This is the first study to identify a link between HSV, changes in the peripheral immune compartment, and IL-32 expression. It was recently shown that IL-32 is upregulated following EBV infection and plays a role in latency by trapping protein kinase Cδ in the cytoplasm of EBV-infected B cells [37]. In contrast with EBV, which targets B cells, HSV does not productively infect or establish latency in T cells but has been shown to interfere with T-cell function through several immune evasion strategies. Possibly the downregulation of IL-32 in CD4 T cells by HSV-2 interferes with effective T-cell killing, providing another immune evasion strategy that could facilitate HSV persistence.
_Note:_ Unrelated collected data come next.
(* Let $A$ be a partially ordered set, $G$ a passable composite game over $A$, and $a\in A$. If every left option $G^L$ of $G$ satisfies $G^L\le [a]$, then $G\le [a]$.
   Context: Games over a poset $A$ are defined inductively: for each $a\in A$ there is an atomic game $[a]$, which has no options; and if $L$ and $R$ are non-empty sets of games, then $\{L\mid R\}$ is a composite game with left options $L$ and right options $R$. The relations $\le$ and $\lhd$ are defined by simultaneous recursion: $G\le H$ iff (1) every left option $G^L$ of $G$ satisfies $G^L\lhd H$, (2) every right option $H^R$ of $H$ satisfies $G\lhd H^R$, and (3) if $G$ or $H$ is atomic then $G\lhd H$; and $G\lhd H$ iff (1) some right option $G^R$ of $G$ satisfies $G^R\le H$, or (2) some left option $H^L$ of $H$ satisfies $G\le H^L$, or (3) $G=[a]$, $H=[b]$ are atomic and $a\le b$. A game $G$ is passable if $G\lhd G$ and recursively all its options are passable. *)

theory Defs
  imports Main
begin

text \<open>A composite game has a non-empty
family of left options and a non-empty family of right options; the families are
indexed by an arbitrary index type 'i (non-empty since HOL types are non-empty),
so the option sets are exactly the images of these families.\<close>

datatype ('a, 'i) game = Atom 'a | Comp "'i \<Rightarrow> ('a, 'i) game" "'i \<Rightarrow> ('a, 'i) game"

fun lefts :: "('a, 'i) game \<Rightarrow> ('a, 'i) game set" where
  "lefts (Atom a) = {}"
| "lefts (Comp L R) = range L"

fun rights :: "('a, 'i) game \<Rightarrow> ('a, 'i) game set" where
  "rights (Atom a) = {}"
| "rights (Comp L R) = range R"

fun is_atom :: "('a, 'i) game \<Rightarrow> bool" where
  "is_atom (Atom a) = True"
| "is_atom (Comp L R) = False"

text \<open>The simultaneous recursive definition of \<le> and \<lhd>; since games are well-founded,
the least fixed point given by the inductive definition coincides with the recursion.\<close>

inductive game_le :: "('a::order, 'i) game \<Rightarrow> ('a, 'i) game \<Rightarrow> bool"
  and game_lf :: "('a::order, 'i) game \<Rightarrow> ('a, 'i) game \<Rightarrow> bool" where
  le_intro: "\<lbrakk>\<forall>GL\<in>lefts G. game_lf GL H; \<forall>HR\<in>rights H. game_lf G HR;
             is_atom G \<or> is_atom H \<longrightarrow> game_lf G H\<rbrakk> \<Longrightarrow> game_le G H"
| lf_right: "\<lbrakk>GR \<in> rights G; game_le GR H\<rbrakk> \<Longrightarrow> game_lf G H"
| lf_left: "\<lbrakk>HL \<in> lefts H; game_le G HL\<rbrakk> \<Longrightarrow> game_lf G H"
| lf_atom: "a \<le> b \<Longrightarrow> game_lf (Atom a) (Atom b)"

inductive passable :: "('a::order, 'i) game \<Rightarrow> bool" where
  "\<lbrakk>game_lf G G; \<forall>X\<in>lefts G. passable X; \<forall>X\<in>rights G. passable X\<rbrakk> \<Longrightarrow> passable G"

end

theory Submission
  imports Defs
begin

text \<open>If \<open>G \<lhd> G\<close> and every \<open>G\<^sup>L \<le> [a]\<close>, then every \<open>X \<le> G\<close> satisfies \<open>X \<le> [a]\<close>, by
induction on \<open>X\<close>. Since \<open>[a]\<close> is atomic with no right options, it suffices that \<open>X\<close> and its
left options are \<open>\<lhd> [a]\<close>. Each of them is \<open>\<lhd> G\<close> (for \<open>X\<close> itself because \<open>X \<le> G \<lhd> G\<close>), and a
witness of \<open>Y \<lhd> G\<close> is either a right option \<open>Y\<^sup>R \<le> G\<close>, so \<open>Y\<^sup>R \<le> [a]\<close> by induction, or a left
option with \<open>Y \<le> G\<^sup>L \<le> [a]\<close>. Take \<open>X = G\<close>; of passability only \<open>G \<lhd> G\<close> is needed.\<close>

definition option_rel :: "(('a, 'i) game \<times> ('a, 'i) game) set" where
  "option_rel = {(X, G). X \<in> lefts G \<or> X \<in> rights G}"

lemma left_option_rel: "X \<in> lefts G \<Longrightarrow> (X, G) \<in> option_rel"
  and right_option_rel: "X \<in> rights G \<Longrightarrow> (X, G) \<in> option_rel"
  by (simp_all add: option_rel_def)

lemma wf_option_rel: "wf option_rel"
proof (rule wfUNIVI)
  fix P :: "('a, 'i) game \<Rightarrow> bool" and G
  assume step: "\<forall>G. (\<forall>X. (X, G) \<in> option_rel \<longrightarrow> P X) \<longrightarrow> P G"
  show "P G"
  proof (induction G)
    case (Atom a)
    have "\<forall>X. (X, Atom a) \<in> option_rel \<longrightarrow> P X" by (simp add: option_rel_def)
    then show ?case using step by blast
  next
    case (Comp L R)
    then have "\<forall>X. (X, Comp L R) \<in> option_rel \<longrightarrow> P X" by (auto simp add: option_rel_def)
    then show ?case using step by blast
  qed
qed

lemma game_le_iff:
  "game_le G H \<longleftrightarrow> (\<forall>GL\<in>lefts G. game_lf GL H) \<and> (\<forall>HR\<in>rights H. game_lf G HR)
     \<and> (is_atom G \<or> is_atom H \<longrightarrow> game_lf G H)"
  by (auto elim: game_le.cases intro: le_intro)

lemma game_le_leftD: "game_le G H \<Longrightarrow> GL \<in> lefts G \<Longrightarrow> game_lf GL H"
  and game_le_rightD: "game_le G H \<Longrightarrow> HR \<in> rights H \<Longrightarrow> game_lf G HR"
  and game_le_atomD: "game_le G H \<Longrightarrow> is_atom G \<or> is_atom H \<Longrightarrow> game_lf G H"
  by (simp_all add: game_le_iff)

lemma game_le_Atom_Atom: "a \<le> b \<Longrightarrow> game_le (Atom a) (Atom b)"
  by (simp add: game_le_iff lf_atom)

lemma game_le_refl: "game_le G G"
proof (induction G rule: wf_induct_rule[OF wf_option_rel])
  case (1 G)
  show ?case
  proof (rule le_intro)
    show "\<forall>GL\<in>lefts G. game_lf GL G" using 1 left_option_rel by (blast intro: lf_left)
    show "\<forall>GR\<in>rights G. game_lf G GR" using 1 right_option_rel by (blast intro: lf_right)
    show "is_atom G \<or> is_atom G \<longrightarrow> game_lf G G" by (cases G) (auto intro: lf_atom)
  qed
qed

lemma game_lf_le_trans_step:
  assumes "game_lf X Y" and "game_le Y Z"
    and IH_X: "\<And>XR. XR \<in> rights X \<Longrightarrow> game_le XR Y \<Longrightarrow> game_le Y Z \<Longrightarrow> game_le XR Z"
    and IH_Y: "\<And>YL. YL \<in> lefts Y \<Longrightarrow> game_le X YL \<Longrightarrow> game_lf YL Z \<Longrightarrow> game_lf X Z"
    and IH_Z: "\<And>ZL. ZL \<in> lefts Z \<Longrightarrow> game_le X Y \<Longrightarrow> game_le Y ZL \<Longrightarrow> game_le X ZL"
  shows "game_lf X Z"
  using \<open>game_lf X Y\<close>
proof cases
  case (lf_right XR)
  then show ?thesis using IH_X \<open>game_le Y Z\<close> by (blast intro: Defs.lf_right)
next
  case (lf_left YL)
  then show ?thesis using IH_Y \<open>game_le Y Z\<close> game_le_leftD by blast
next
  case (lf_atom d b)
  then have "game_lf (Atom b) Z" using \<open>game_le Y Z\<close> by (simp add: game_le_atomD)
  then show ?thesis
  proof cases
    case (lf_left ZL)
    then show ?thesis
      using IH_Z \<open>Y = Atom b\<close> \<open>X = Atom d\<close> \<open>d \<le> b\<close> game_le_Atom_Atom
      by (blast intro: Defs.lf_left)
  next
    case (lf_atom c)
    then show ?thesis using \<open>X = Atom d\<close> \<open>d \<le> b\<close> by (auto intro: Defs.lf_atom)
  qed simp
qed

lemma game_le_lf_trans_step:
  assumes "game_le X Y" and "game_lf Y Z"
    and IH_X: "\<And>XR. XR \<in> rights X \<Longrightarrow> game_le XR Y \<Longrightarrow> game_le Y Z \<Longrightarrow> game_le XR Z"
    and IH_Y: "\<And>YR. YR \<in> rights Y \<Longrightarrow> game_lf X YR \<Longrightarrow> game_le YR Z \<Longrightarrow> game_lf X Z"
    and IH_Z: "\<And>ZL. ZL \<in> lefts Z \<Longrightarrow> game_le X Y \<Longrightarrow> game_le Y ZL \<Longrightarrow> game_le X ZL"
  shows "game_lf X Z"
  using \<open>game_lf Y Z\<close>
proof cases
  case (lf_right YR)
  then show ?thesis using IH_Y \<open>game_le X Y\<close> game_le_rightD by blast
next
  case (lf_left ZL)
  then show ?thesis using IH_Z \<open>game_le X Y\<close> by (blast intro: Defs.lf_left)
next
  case (lf_atom b c)
  then have "game_lf X (Atom b)" using \<open>game_le X Y\<close> by (simp add: game_le_atomD)
  then show ?thesis
  proof cases
    case (lf_right XR)
    then show ?thesis
      using IH_X \<open>Y = Atom b\<close> \<open>Z = Atom c\<close> \<open>b \<le> c\<close> game_le_Atom_Atom
      by (blast intro: Defs.lf_right)
  next
    case (lf_atom d)
    then show ?thesis using \<open>Z = Atom c\<close> \<open>b \<le> c\<close> by (auto intro: Defs.lf_atom)
  qed simp
qed

lemma game_le_lf_trans_all:
  "(game_le X Y \<longrightarrow> game_le Y Z \<longrightarrow> game_le X Z) \<and>
   (game_lf X Y \<longrightarrow> game_le Y Z \<longrightarrow> game_lf X Z) \<and>
   (game_le X Y \<longrightarrow> game_lf Y Z \<longrightarrow> game_lf X Z)"
proof (induction "(X, Y, Z)" arbitrary: X Y Z
    rule: wf_induct_rule[OF wf_lex_prod[OF wf_option_rel wf_lex_prod[OF wf_option_rel wf_option_rel]]])
  case 1
  have X_le_le: "game_le X' Y' \<Longrightarrow> game_le Y' Z' \<Longrightarrow> game_le X' Z'"
    and X_lf_le: "game_lf X' Y' \<Longrightarrow> game_le Y' Z' \<Longrightarrow> game_lf X' Z'"
    if "(X', X) \<in> option_rel" for X' Y' Z'
    using "1"[of X' Y' Z'] that by simp_all
  have Y_le_lf: "game_le X Y' \<Longrightarrow> game_lf Y' Z' \<Longrightarrow> game_lf X Z'"
    and Y_lf_le: "game_lf X Y' \<Longrightarrow> game_le Y' Z' \<Longrightarrow> game_lf X Z'"
    if "(Y', Y) \<in> option_rel" for Y' Z'
    using "1"[of X Y' Z'] that by simp_all
  have Z_le_le: "game_le X Y \<Longrightarrow> game_le Y Z' \<Longrightarrow> game_le X Z'"
    and Z_le_lf: "game_le X Y \<Longrightarrow> game_lf Y Z' \<Longrightarrow> game_lf X Z'"
    if "(Z', Z) \<in> option_rel" for Z'
    using "1"[of X Y Z'] that by simp_all
  have lf_le: "game_lf X Z" if "game_lf X Y" "game_le Y Z"
    by (rule game_lf_le_trans_step[OF that X_le_le[OF right_option_rel]
          Y_le_lf[OF left_option_rel] Z_le_le[OF left_option_rel]])
  have le_lf: "game_lf X Z" if "game_le X Y" "game_lf Y Z"
    by (rule game_le_lf_trans_step[OF that X_le_le[OF right_option_rel]
          Y_lf_le[OF right_option_rel] Z_le_le[OF left_option_rel]])
  have le_le: "game_le X Z" if "game_le X Y" "game_le Y Z"
  proof (rule le_intro)
    show "\<forall>XL\<in>lefts X. game_lf XL Z"
      using that game_le_leftD X_lf_le[OF left_option_rel] by blast
    show "\<forall>ZR\<in>rights Z. game_lf X ZR"
      using that game_le_rightD Z_le_lf[OF right_option_rel] by blast
    show "is_atom X \<or> is_atom Z \<longrightarrow> game_lf X Z"
      using that game_le_atomD lf_le le_lf by blast
  qed
  show ?case using le_le lf_le le_lf by blast
qed

lemma game_le_trans: "game_le X Y \<Longrightarrow> game_le Y Z \<Longrightarrow> game_le X Z"
  and game_le_lf_trans: "game_le X Y \<Longrightarrow> game_lf Y Z \<Longrightarrow> game_lf X Z"
  using game_le_lf_trans_all by blast+

lemma game_lf_Atom_if_lf:
  assumes "game_lf Y G" and "\<not> is_atom G"
    and lefts_G: "\<forall>GL\<in>lefts G. game_le GL (Atom a)"
    and rights_Y: "\<forall>YR\<in>rights Y. game_le YR G \<longrightarrow> game_le YR (Atom a)"
  shows "game_lf Y (Atom a)"
  using \<open>game_lf Y G\<close>
proof cases
  case (lf_right YR)
  then show ?thesis using rights_Y by (blast intro: Defs.lf_right)
next
  case (lf_left GL)
  then have "game_le Y (Atom a)" using lefts_G game_le_trans by blast
  then show ?thesis by (simp add: game_le_atomD)
next
  case lf_atom
  then show ?thesis using \<open>\<not> is_atom G\<close> by simp
qed

lemma game_le_Atom_if_le:
  assumes "game_lf G G" and "\<not> is_atom G"
    and lefts_G: "\<forall>GL\<in>lefts G. game_le GL (Atom a)"
  shows "game_le X G \<Longrightarrow> game_le X (Atom a)"
proof (induction X rule: wf_induct_rule[OF wf_trancl[OF wf_option_rel]])
  case (1 X)
  have below_X: "game_le R G \<Longrightarrow> game_le R (Atom a)" if "(R, X) \<in> option_rel\<^sup>+" for R
    using 1 that by blast
  have "game_lf XL (Atom a)" if "XL \<in> lefts X" for XL
  proof (rule game_lf_Atom_if_lf[OF _ \<open>\<not> is_atom G\<close> lefts_G])
    show "game_lf XL G" using \<open>game_le X G\<close> that by (rule game_le_leftD)
    show "\<forall>R\<in>rights XL. game_le R G \<longrightarrow> game_le R (Atom a)"
      using below_X that left_option_rel right_option_rel
      by (meson trancl.r_into_trancl trancl_into_trancl2)
  qed
  moreover have "game_lf X (Atom a)"
  proof (rule game_lf_Atom_if_lf[OF _ \<open>\<not> is_atom G\<close> lefts_G])
    show "game_lf X G" using \<open>game_le X G\<close> \<open>game_lf G G\<close> by (rule game_le_lf_trans)
    show "\<forall>R\<in>rights X. game_le R G \<longrightarrow> game_le R (Atom a)"
      using below_X right_option_rel by blast
  qed
  ultimately show ?case by (simp add: game_le_iff)
qed

theorem proposition6p13:
  fixes G :: "('a::order, 'i) game" and a :: 'a
  assumes "passable G"
    and "\<not> is_atom G"
    and "\<forall>GL\<in>lefts G. game_le GL (Atom a)"
  shows "game_le G (Atom a)"
proof -
  have "game_lf G G" using \<open>passable G\<close> by (cases rule: passable.cases)
  then show ?thesis using assms(2,3) game_le_refl by (rule game_le_Atom_if_le)
qed

end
Human immunodeficiency virus eradication strategies are being designed to induce viral transcription (“shock”), which would render cells susceptible to “kill” by antivirals or cytolytic T cells. Consistent latency reversal, however, has been difficult to achieve. The findings here would suggest that IL-32 blockade and/or RUNX1 inhibition may synergize with strategies to reactivate HIV, although the overall immunological impact of targeting these pathways requires further study.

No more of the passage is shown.